A vessel in which material is ground by rolling with heavy balls, used especially for hard materials.
A ball mill is a type of grinder used to grind materials into extremely fine powder for use in paints, pyrotechnics, and ceramics.
A ball mill, a type of grinder, is a cylindrical device used to grind (or mix) materials like ores, chemicals, ceramic raw materials and paints. Ball mills rotate around a horizontal axis, partially filled with the material to be ground plus the grinding medium. Different materials are used for media, including ceramic balls, flint pebbles and stainless steel balls. An internal cascading effect reduces the material to a fine powder.
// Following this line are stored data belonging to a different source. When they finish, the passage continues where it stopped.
lemma tail_eq_1_of_nonpos:
  assumes X: "X \<in> borel_measurable M" and pos: "AE \<omega> in M. X \<omega> > 0" and "x \<le> 0"
  shows "tail M X x = 1"
proof -
  have "AE \<omega> in M. X \<omega> > x" using pos by (rule AE_mp) (use \<open>x \<le> 0\<close> in auto)
  then show ?thesis unfolding tail_def using X by (subst prob_Collect_eq_1) auto
qed

text \<open>The infimum defining \<open>tail_inv\<close> need not be attained; right-continuity of the tail
  function transfers the bound to it.\<close>

lemma tail_tail_inv_le:
  assumes X: "X \<in> borel_measurable M" and "y > 0"
  shows "tail M X (tail_inv (tail M X) y) \<le> y"
proof -
  let ?S = "{x. x > 0 \<and> tail M X x \<le> y}"
  have "\<forall>\<^sub>F x in at_top. x > 0 \<and> tail M X x \<le> y"
    using eventually_gt_at_top[of 0] order_tendstoD(2)[OF tail_tendsto_at_top[OF X] \<open>y > 0\<close>]
    by eventually_elim auto
  then have "?S \<noteq> {}" by (auto simp: eventually_at_top_linorder)
  have le: "tail M X x \<le> y" if gt: "x > tail_inv (tail M X) y" for x
  proof -
    obtain s where "s \<in> ?S" "s < x"
      using cInf_lessD[OF \<open>?S \<noteq> {}\<close>] gt unfolding tail_inv_def by blast
    then show ?thesis using tail_antimono[OF X, of s x] by simp
  qed
  have "\<forall>\<^sub>F x in at_right (tail_inv (tail M X) y). tail M X x \<le> y"
    using eventually_at_right_less by (rule eventually_mono) (rule le)
  then show ?thesis
    by (rule tendsto_upperbound[OF tail_tendsto_at_right[OF X]]) simp
qed

lemma tail_ge_below_tail_inv:
  assumes X: "X \<in> borel_measurable M" and "y \<le> 1"
    and pos: "AE \<omega> in M. X \<omega> > 0" and "x < tail_inv (tail M X) y"
  shows "y \<le> tail M X x"
proof (cases "x > 0")
  case True
  show ?thesis
  proof (rule ccontr)
    assume "\<not> y \<le> tail M X x"
    with True have "x \<in> {x. x > 0 \<and> tail M X x \<le> y}" by simp
    then have "tail_inv (tail M X) y \<le> x"
      unfolding tail_inv_def by (rule cInf_lower) (intro bdd_belowI[of _ 0], simp)
    with \<open>x < tail_inv (tail M X) y\<close> show False by simp
  qed
next
  case False
  then show ?thesis using tail_eq_1_of_nonpos[OF X pos] \<open>y \<le> 1\<close> by simp
qed
(* Let $A\in\mathbb{R}^{m\times n}$ and let $A=U_1-V_1=U_2-V_2$ be two convergent proper nonnegative splittings of different types (one of type I and the other of type II). If $A^{\dagger}\leq 0$ and $U_2^{\dagger}\geq U_1^{\dagger}$, then $\rho(U_1^{\dagger}V_1)\leq\rho(U_2^{\dagger}V_2)<1$. In particular, if $A^{\dagger}<0$ and $U_2^{\dagger}>U_1^{\dagger}$, then $\rho(U_1^{\dagger}V_1)<\rho(U_2^{\dagger}V_2)<1$.
   Context: $A^{\dagger}$ denotes the Moore–Penrose inverse and $\rho(\cdot)$ the spectral radius. Inequalities are entrywise; strict inequalities $X>Y$, $X<0$ mean entrywise strict. A splitting $A=U-V$ is proper if $R(U)=R(A)$ and $N(U)=N(A)$; it is convergent if $\rho(U^{\dagger}V)<1$. A proper splitting is a proper nonnegative splitting of type I if $U^{\dagger}V\geq 0$, and of type II if $VU^{\dagger}\geq 0$. *)

theory Defs
  imports "Jordan_Normal_Form.Spectral_Radius"
begin

definition is_mp_inverse :: "real mat \<Rightarrow> real mat \<Rightarrow> bool" where
  "is_mp_inverse A X \<longleftrightarrow> X \<in> carrier_mat (dim_col A) (dim_row A) \<and>
     A * X * A = A \<and> X * A * X = X \<and>
     transpose_mat (A * X) = A * X \<and> transpose_mat (X * A) = X * A"

definition mp_inverse :: "real mat \<Rightarrow> real mat" where
  "mp_inverse A = (THE X. is_mp_inverse A X)"

definition col_range :: "real mat \<Rightarrow> real vec set" where
  "col_range A = {mult_mat_vec A x | x. x \<in> carrier_vec (dim_col A)}"

definition null_space :: "real mat \<Rightarrow> real vec set" where
  "null_space A = {x \<in> carrier_vec (dim_col A). mult_mat_vec A x = 0\<^sub>v (dim_row A)}"

definition mat_le :: "real mat \<Rightarrow> real mat \<Rightarrow> bool" where
  "mat_le X Y \<longleftrightarrow> dim_row X = dim_row Y \<and> dim_col X = dim_col Y \<and>
     (\<forall>i < dim_row X. \<forall>j < dim_col X. X $$ (i,j) \<le> Y $$ (i,j))"

definition mat_lt :: "real mat \<Rightarrow> real mat \<Rightarrow> bool" where
  "mat_lt X Y \<longleftrightarrow> dim_row X = dim_row Y \<and> dim_col X = dim_col Y \<and>
     (\<forall>i < dim_row X. \<forall>j < dim_col X. X $$ (i,j) < Y $$ (i,j))"

definition rho :: "real mat \<Rightarrow> real" where
  "rho M = spectral_radius (map_mat complex_of_real M)"

definition proper_splitting :: "real mat \<Rightarrow> real mat \<Rightarrow> real mat \<Rightarrow> bool" where
  "proper_splitting A U V \<longleftrightarrow>
     U \<in> carrier_mat (dim_row A) (dim_col A) \<and> V \<in> carrier_mat (dim_row A) (dim_col A) \<and>
     A = U - V \<and> col_range U = col_range A \<and> null_space U = null_space A"

definition convergent_splitting :: "real mat \<Rightarrow> real mat \<Rightarrow> bool" where
  "convergent_splitting U V \<longleftrightarrow> rho (mp_inverse U * V) < 1"

definition proper_nonneg_splitting_I :: "real mat \<Rightarrow> real mat \<Rightarrow> real mat \<Rightarrow> bool" where
  "proper_nonneg_splitting_I A U V \<longleftrightarrow> proper_splitting A U V \<and>
     mat_le (0\<^sub>m (dim_col A) (dim_col A)) (mp_inverse U * V)"

definition proper_nonneg_splitting_II :: "real mat \<Rightarrow> real mat \<Rightarrow> real mat \<Rightarrow> bool" where
  "proper_nonneg_splitting_II A U V \<longleftrightarrow> proper_splitting A U V \<and>
     mat_le (0\<^sub>m (dim_row A) (dim_row A)) (V * mp_inverse U)"

end

theory Submission
  imports Defs
begin

(* For a proper splitting A = U - V the orthogonal projections agree, U U^+ = A A^+ and
   U^+ U = A^+ A, which gives U^+ V A^+ = A^+ - U^+ = A^+ V U^+.  Put N = -A^+ >= 0.  For a type I
   splitting (U1, V1) and a type II splitting (U2, V2) the matrices T = U1^+ V1 and S = V2 U2^+
   are nonnegative, and the identities read T N = U1^+ - A^+ and N S = U2^+ - A^+, so
   U1^+ <= U2^+ is the intertwining inequality T N <= N S, whence T^k N <= N S^k.  Since
   T = N (-A T), every eigenvector of T for a nonzero eigenvalue lambda has the form N w; then
   |lambda|^k is bounded by entries of S^k, which forces |lambda| <= rho(S) = rho(U2^+ V2).
   Strict hypotheses leave room for a factor 1 + d.  The mixed case in the other order is the
   same argument for the transposed matrices. *)

lemma assoc_mult_mat_dim:
  fixes A B C :: "'a :: semiring_0 mat"
  assumes "dim_col A = dim_row B" and "dim_col B = dim_row C"
  shows "A * B * C = A * (B * C)"
  using assms by (intro assoc_mult_mat[of A "dim_row A" "dim_col A" B "dim_col B" C "dim_col C"]) auto

lemma transpose_mult_dim:
  fixes A B :: "'a :: comm_semiring_0 mat"
  assumes "dim_col A = dim_row B"
  shows "transpose_mat (A * B) = transpose_mat B * transpose_mat A"
  using assms by (intro transpose_mult[of A "dim_row A" "dim_col A" B "dim_col B"]) auto

lemma assoc_mult_mat_vec_dim:
  fixes A B :: "'a :: semiring_0 mat"
  assumes "dim_col A = dim_row B" and "dim_col B = dim_vec v"
  shows "(A * B) *\<^sub>v v = A *\<^sub>v (B *\<^sub>v v)"
  using assms by (intro assoc_mult_mat_vec[of A "dim_row A" "dim_col A" B "dim_col B"]) auto

lemma index_mult_mat_sum:
  fixes A B :: "'a :: semiring_0 mat"
  assumes "A \<in> carrier_mat a b" and "B \<in> carrier_mat b c" and "i < a" and "j < c"
  shows "(A * B) $$ (i,j) = (\<Sum>l<b. A $$ (i,l) * B $$ (l,j))"
  using assms by (auto simp: scalar_prod_def atLeast0LessThan intro!: sum.cong)

lemma uminus_minus_mat:
  fixes A B :: "'a :: ab_group_add mat"
  assumes "A \<in> carrier_mat n m" and "B \<in> carrier_mat n m"
  shows "- (A - B) = B - A"
  using assms by (intro eq_matI) auto

subsection \<open>Generalised inverses and the Moore-Penrose inverse\<close>

lemma row_echelon_generalized_inverse:
  fixes C :: "'a :: field mat"
  assumes C: "C \<in> carrier_mat nr nc" and pf: "pivot_fun C f nc"
  shows "\<exists>Z \<in> carrier_mat nc nr. C * Z * C = C"
proof -
  note piv = pivot_funD[OF _ pf, of nr]
  define Z where "Z = mat nc nr (\<lambda>(j,i). if f i < nc \<and> j = f i then (1::'a) else 0)"
  have Z: "Z \<in> carrier_mat nc nr" unfolding Z_def by auto
  have CZ: "(C * Z) $$ (k,i) = (if i = k \<and> f k < nc then 1 else 0)" if "k < nr" and "i < nr" for k i
  proof -
    have "(C * Z) $$ (k,i) = (\<Sum>j<nc. C $$ (k,j) * Z $$ (j,i))"
      by (rule index_mult_mat_sum[OF C Z that])
    also have "\<dots> = (\<Sum>j<nc. C $$ (k,j) * (if f i < nc \<and> j = f i then 1 else 0))"
      using that by (intro sum.cong) (auto simp: Z_def)
    also have "\<dots> = (if f i < nc then C $$ (k, f i) else 0)"
      by (auto simp: if_distrib cong: if_cong)
    also have "\<dots> = (if i = k \<and> f k < nc then 1 else 0)"
      using piv(4)[of i] piv(5)[of i k] C that by auto
    finally show ?thesis .
  qed
  have "C * Z * C = C"
  proof (rule eq_matI)
    fix k l assume "k < dim_row C" and "l < dim_col C"
    hence k: "k < nr" and l: "l < nc" using C by auto
    have "(C * Z * C) $$ (k,l) = (\<Sum>i<nr. (C * Z) $$ (k,i) * C $$ (i,l))"
      using C Z k l by (intro index_mult_mat_sum) auto
    also have "\<dots> = (\<Sum>i<nr. if i = k \<and> f k < nc then C $$ (i,l) else 0)"
      using k by (intro sum.cong) (auto simp: CZ)
    also have "\<dots> = (if f k < nc then C $$ (k,l) else 0)"
      using k by (cases "f k < nc") auto
    also have "\<dots> = C $$ (k,l)"
      using piv(1)[of k] piv(2)[of k l] C k l by (cases "f k < nc") auto
    finally show "(C * Z * C) $$ (k,l) = C $$ (k,l)" .
  qed (use C Z in auto)
  with Z show ?thesis by auto
qed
Industrial ball mills can operate continuously, fed at one end and discharged at the other. Large to medium ball mills are mechanically rotated on their axis, but small ones normally consist of a cylindrical capped container that sits on two drive shafts (pulleys and belts are used to transmit rotary motion). A rock tumbler functions on the same principle. Ball mills are also used in pyrotechnics and the making of black powder, but can't be used in the making of some pyrotechnic mixtures such as flash powder because of their sensitivity to impact. High quality ball mills are potentially expensive and can grind mixture particles to as small as 0.0001 mm, enormously increasing surface area and reaction rates.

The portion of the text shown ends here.